Exercise goal → Your task is to set down the records below again, exactly.
Top of Records shown
(* In the unit-cost arithmetic model, given integers $n\ge1$, $k\ge0$ and $0\le i<\binom{n-1+k}{k}$, the multiset of rank $i$ among all multisets of $k$ elements from $\{0,\dots,n-1\}$ (ordered lexicographically by their non-increasing element sequences, zero-based ranks) can be computed in $O(k^2\log n)$ time.
   Context: Each multiset is represented by the sequence of its elements in non-increasing order; multisets are ordered lexicographically by these sequences, and ranks start at $0$. Arithmetic operations on integers are assumed to take constant time. *)

theory Defs
  imports Complex_Main
begin

type_synonym vname = nat
type_synonym aname = nat
type_synonym state = "(vname \<Rightarrow> int) \<times> (aname \<Rightarrow> int \<Rightarrow> int)"

datatype aexp =
    N int
  | V vname
  | Rd aname aexp
  | Plus aexp aexp
  | Minus aexp aexp
  | Times aexp aexp
  | Div aexp aexp
  | Mod aexp aexp

datatype bexp =
    Bc bool
  | Not bexp
  | And bexp bexp
  | Less aexp aexp
  | Eq aexp aexp

datatype com =
    SKIP
  | Assign vname aexp
  | AssignArr aname aexp aexp
  | Seq com com
  | If bexp com com
  | While bexp com

fun aval :: "aexp \<Rightarrow> state \<Rightarrow> int" where
  "aval (N c) s = c"
| "aval (V x) s = fst s x"
| "aval (Rd a e) s = snd s a (aval e s)"
| "aval (Plus e1 e2) s = aval e1 s + aval e2 s"
| "aval (Minus e1 e2) s = aval e1 s - aval e2 s"
| "aval (Times e1 e2) s = aval e1 s * aval e2 s"
| "aval (Div e1 e2) s = aval e1 s div aval e2 s"
| "aval (Mod e1 e2) s = aval e1 s mod aval e2 s"

fun bval :: "bexp \<Rightarrow> state \<Rightarrow> bool" where
  "bval (Bc b) s = b"
| "bval (Not b) s = (\<not> bval b s)"
| "bval (And b1 b2) s = (bval b1 s \<and> bval b2 s)"
| "bval (Less e1 e2) s = (aval e1 s < aval e2 s)"
| "bval (Eq e1 e2) s = (aval e1 s = aval e2 s)"

fun acost :: "aexp \<Rightarrow> nat" where
  "acost (N c) = 1"
| "acost (V x) = 1"
| "acost (Rd a e) = 1 + acost e"
| "acost (Plus e1 e2) = 1 + acost e1 + acost e2"
| "acost (Minus e1 e2) = 1 + acost e1 + acost e2"
| "acost (Times e1 e2) = 1 + acost e1 + acost e2"
| "acost (Div e1 e2) = 1 + acost e1 + acost e2"
| "acost (Mod e1 e2) = 1 + acost e1 + acost e2"

fun bcost :: "bexp \<Rightarrow> nat" where
  "bcost (Bc b) = 1"
| "bcost (Not b) = 1 + bcost b"
| "bcost (And b1 b2) = 1 + bcost b1 + bcost b2"
| "bcost (Less e1 e2) = 1 + acost e1 + acost e2"
| "bcost (Eq e1 e2) = 1 + acost e1 + acost e2"

inductive big_step :: "com \<times> state \<Rightarrow> nat \<Rightarrow> state \<Rightarrow> bool" where
  Skip: "big_step (SKIP, s) 1 s"
| Assign: "big_step (Assign x e, s) (1 + acost e) ((fst s)(x := aval e s), snd s)"
| AssignArr: "big_step (AssignArr a ei e, s) (1 + acost ei + acost e)
      (fst s, (snd s)(a := (snd s a)(aval ei s := aval e s)))"
| Seq: "big_step (c1, s1) t1 s2 \<Longrightarrow> big_step (c2, s2) t2 s3 \<Longrightarrow>
      big_step (Seq c1 c2, s1) (t1 + t2 + 1) s3"
| IfTrue: "bval b s \<Longrightarrow> big_step (c1, s) t s' \<Longrightarrow>
      big_step (If b c1 c2, s) (t + bcost b + 1) s'"
| IfFalse: "\<not> bval b s \<Longrightarrow> big_step (c2, s) t s' \<Longrightarrow>
      big_step (If b c1 c2, s) (t + bcost b + 1) s'"
| WhileFalse: "\<not> bval b s \<Longrightarrow> big_step (While b c, s) (bcost b + 1) s"
| WhileTrue: "bval b s1 \<Longrightarrow> big_step (c, s1) t1 s2 \<Longrightarrow>
      big_step (While b c, s2) t2 s3 \<Longrightarrow>
      big_step (While b c, s1) (t1 + t2 + bcost b + 1) s3"

definition init_state :: "nat \<Rightarrow> nat \<Rightarrow> nat \<Rightarrow> state" where
  "init_state n k i =
     ((\<lambda>_. 0)(0 := int n, 1 := int k, 2 := int i), (\<lambda>_ _. 0))"

definition output_seq :: "nat \<Rightarrow> state \<Rightarrow> int list" where
  "output_seq k s = map (\<lambda>j. snd s 0 (int j)) [0..<k]"

text \<open>Multisets of k elements from {0,...,n-1}, represented by the sequence of
  their elements in non-increasing order.\<close>

definition msets_seq :: "nat \<Rightarrow> nat \<Rightarrow> int list set" where
  "msets_seq n k = {xs. length xs = k \<and> sorted_wrt (\<ge>) xs \<and> set xs \<subseteq> {0..<int n}}"

definition mset_rank :: "nat \<Rightarrow> nat \<Rightarrow> int list \<Rightarrow> nat" where
  "mset_rank n k ys = card {xs \<in> msets_seq n k. (xs, ys) \<in> lexord {(a, b). a < b}}"

end

theory Submission
  imports Defs "HOL-Library.Discrete_Functions"
begin

text \<open>There are exactly \<open>multichoose a k = (a + k - 1 choose k)\<close> multisets of size \<open>k\<close> with all
  elements below \<open>a\<close>, and these are precisely the ones ranked before every multiset whose largest
  element is \<open>a\<close>. Hence the largest element of the multiset of rank \<open>i\<close> is the largest
  \<open>a < n\<close> with \<open>multichoose a k \<le> i\<close>, and the remaining \<open>k - 1\<close> elements form the multiset of
  rank \<open>i - multichoose a k\<close> among those with elements in \<open>{0..a}\<close>. The program finds \<open>a\<close> by
  binary search, i.e. with \<open>O(log n)\<close> evaluations of \<open>multichoose a k\<close>, each costing \<open>O(k)\<close>
  exact multiplications and divisions, and repeats this for all \<open>k\<close> positions.\<close>

section \<open>Counting multisets\<close>

definition multichoose :: "nat \<Rightarrow> nat \<Rightarrow> nat" where
  "multichoose n k = (n + k - 1) choose k"

lemma multichoose_0_right [simp]: "multichoose n 0 = 1"
  by (simp add: multichoose_def)

lemma multichoose_0_left [simp]: "k \<noteq> 0 \<Longrightarrow> multichoose 0 k = 0"
  by (simp add: multichoose_def)

lemma multichoose_Suc_Suc:
  "multichoose (Suc n) (Suc k) = multichoose n (Suc k) + multichoose (Suc n) k"
  by (simp add: multichoose_def)

lemma sum_multichoose: "(\<Sum>a<n. multichoose (Suc a) k) = multichoose n (Suc k)"
  by (induction n) (simp_all add: multichoose_Suc_Suc)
Bottom of Records shown
Written solution →
(* In the unit-cost arithmetic model, given integers $n\ge1$, $k\ge0$ and $0\le i<\binom{n-1+k}{k}$, the multiset of rank $i$ among all multisets of $k$ elements from $\{0,\dots,n-1\}$ (ordered lexicographically by their non-increasing element sequences, zero-based ranks) can be computed in $O(k^2\log n)$ time.
   Context: Each multiset is represented by the sequence of its elements in non-increasing order; multisets are ordered lexicographically by these sequences, and ranks start at $0$. Arithmetic operations on integers are assumed to take constant time. *)

theory Defs
  imports Complex_Main
begin

type_synonym vname = nat
type_synonym aname = nat
type_synonym state = "(vname \<Rightarrow> int) \<times> (aname \<Rightarrow> int \<Rightarrow> int)"

datatype aexp =
    N int
  | V vname
  | Rd aname aexp
  | Plus aexp aexp
  | Minus aexp aexp
  | Times aexp aexp
  | Div aexp aexp
  | Mod aexp aexp

datatype bexp =
    Bc bool
  | Not bexp
  | And bexp bexp
  | Less aexp aexp
  | Eq aexp aexp

datatype com =
    SKIP
  | Assign vname aexp
  | AssignArr aname aexp aexp
  | Seq com com
  | If bexp com com
  | While bexp com

fun aval :: "aexp \<Rightarrow> state \<Rightarrow> int" where
  "aval (N c) s = c"
| "aval (V x) s = fst s x"
| "aval (Rd a e) s = snd s a (aval e s)"
| "aval (Plus e1 e2) s = aval e1 s + aval e2 s"
| "aval (Minus e1 e2) s = aval e1 s - aval e2 s"
| "aval (Times e1 e2) s = aval e1 s * aval e2 s"
| "aval (Div e1 e2) s = aval e1 s div aval e2 s"
| "aval (Mod e1 e2) s = aval e1 s mod aval e2 s"

fun bval :: "bexp \<Rightarrow> state \<Rightarrow> bool" where
  "bval (Bc b) s = b"
| "bval (Not b) s = (\<not> bval b s)"
| "bval (And b1 b2) s = (bval b1 s \<and> bval b2 s)"
| "bval (Less e1 e2) s = (aval e1 s < aval e2 s)"
| "bval (Eq e1 e2) s = (aval e1 s = aval e2 s)"

fun acost :: "aexp \<Rightarrow> nat" where
  "acost (N c) = 1"
| "acost (V x) = 1"
| "acost (Rd a e) = 1 + acost e"
| "acost (Plus e1 e2) = 1 + acost e1 + acost e2"
| "acost (Minus e1 e2) = 1 + acost e1 + acost e2"
| "acost (Times e1 e2) = 1 + acost e1 + acost e2"
| "acost (Div e1 e2) = 1 + acost e1 + acost e2"
| "acost (Mod e1 e2) = 1 + acost e1 + acost e2"

fun bcost :: "bexp \<Rightarrow> nat" where
  "bcost (Bc b) = 1"
| "bcost (Not b) = 1 + bcost b"
| "bcost (And b1 b2) = 1 + bcost b1 + bcost b2"
| "bcost (Less e1 e2) = 1 + acost e1 + acost e2"
| "bcost (Eq e1 e2) = 1 + acost e1 + acost e2"

inductive big_step :: "com \<times> state \<Rightarrow> nat \<Rightarrow> state \<Rightarrow> bool" where
  Skip: "big_step (SKIP, s) 1 s"
| Assign: "big_step (Assign x e, s) (1 + acost e) ((fst s)(x := aval e s), snd s)"
| AssignArr: "big_step (AssignArr a ei e, s) (1 + acost ei + acost e)
      (fst s, (snd s)(a := (snd s a)(aval ei s := aval e s)))"
| Seq: "big_step (c1, s1) t1 s2 \<Longrightarrow> big_step (c2, s2) t2 s3 \<Longrightarrow>
      big_step (Seq c1 c2, s1) (t1 + t2 + 1) s3"
| IfTrue: "bval b s \<Longrightarrow> big_step (c1, s) t s' \<Longrightarrow>
      big_step (If b c1 c2, s) (t + bcost b + 1) s'"
| IfFalse: "\<not> bval b s \<Longrightarrow> big_step (c2, s) t s' \<Longrightarrow>
      big_step (If b c1 c2, s) (t + bcost b + 1) s'"
| WhileFalse: "\<not> bval b s \<Longrightarrow> big_step (While b c, s) (bcost b + 1) s"
| WhileTrue: "bval b s1 \<Longrightarrow> big_step (c, s1) t1 s2 \<Longrightarrow>
      big_step (While b c, s2) t2 s3 \<Longrightarrow>
      big_step (While b c, s1) (t1 + t2 + bcost b + 1) s3"

definition init_state :: "nat \<Rightarrow> nat \<Rightarrow> nat \<Rightarrow> state" where
  "init_state n k i =
     ((\<lambda>_. 0)(0 := int n, 1 := int k, 2 := int i), (\<lambda>_ _. 0))"

definition output_seq :: "nat \<Rightarrow> state \<Rightarrow> int list" where
  "output_seq k s = map (\<lambda>j. snd s 0 (int j)) [0..<k]"

text \<open>Multisets of k elements from {0,...,n-1}, represented by the sequence of
  their elements in non-increasing order.\<close>

definition msets_seq :: "nat \<Rightarrow> nat \<Rightarrow> int list set" where
  "msets_seq n k = {xs. length xs = k \<and> sorted_wrt (\<ge>) xs \<and> set xs \<subseteq> {0..<int n}}"

definition mset_rank :: "nat \<Rightarrow> nat \<Rightarrow> int list \<Rightarrow> nat" where
  "mset_rank n k ys = card {xs \<in> msets_seq n k. (xs, ys) \<in> lexord {(a, b). a < b}}"

end

theory Submission
  imports Defs "HOL-Library.Discrete_Functions"
begin

text \<open>There are exactly \<open>multichoose a k = (a + k - 1 choose k)\<close> multisets of size \<open>k\<close> with all
  elements below \<open>a\<close>, and these are precisely the ones ranked before every multiset whose largest
  element is \<open>a\<close>. Hence the largest element of the multiset of rank \<open>i\<close> is the largest
  \<open>a < n\<close> with \<open>multichoose a k \<le> i\<close>, and the remaining \<open>k - 1\<close> elements form the multiset of
  rank \<open>i - multichoose a k\<close> among those with elements in \<open>{0..a}\<close>. The program finds \<open>a\<close> by
  binary search, i.e. with \<open>O(log n)\<close> evaluations of \<open>multichoose a k\<close>, each costing \<open>O(k)\<close>
  exact multiplications and divisions, and repeats this for all \<open>k\<close> positions.\<close>

section \<open>Counting multisets\<close>

definition multichoose :: "nat \<Rightarrow> nat \<Rightarrow> nat" where
  "multichoose n k = (n + k - 1) choose k"

lemma multichoose_0_right [simp]: "multichoose n 0 = 1"
  by (simp add: multichoose_def)

lemma multichoose_0_left [simp]: "k \<noteq> 0 \<Longrightarrow> multichoose 0 k = 0"
  by (simp add: multichoose_def)

lemma multichoose_Suc_Suc:
  "multichoose (Suc n) (Suc k) = multichoose n (Suc k) + multichoose (Suc n) k"
  by (simp add: multichoose_def)

lemma sum_multichoose: "(\<Sum>a<n. multichoose (Suc a) k) = multichoose n (Suc k)"
  by (induction n) (simp_all add: multichoose_Suc_Suc)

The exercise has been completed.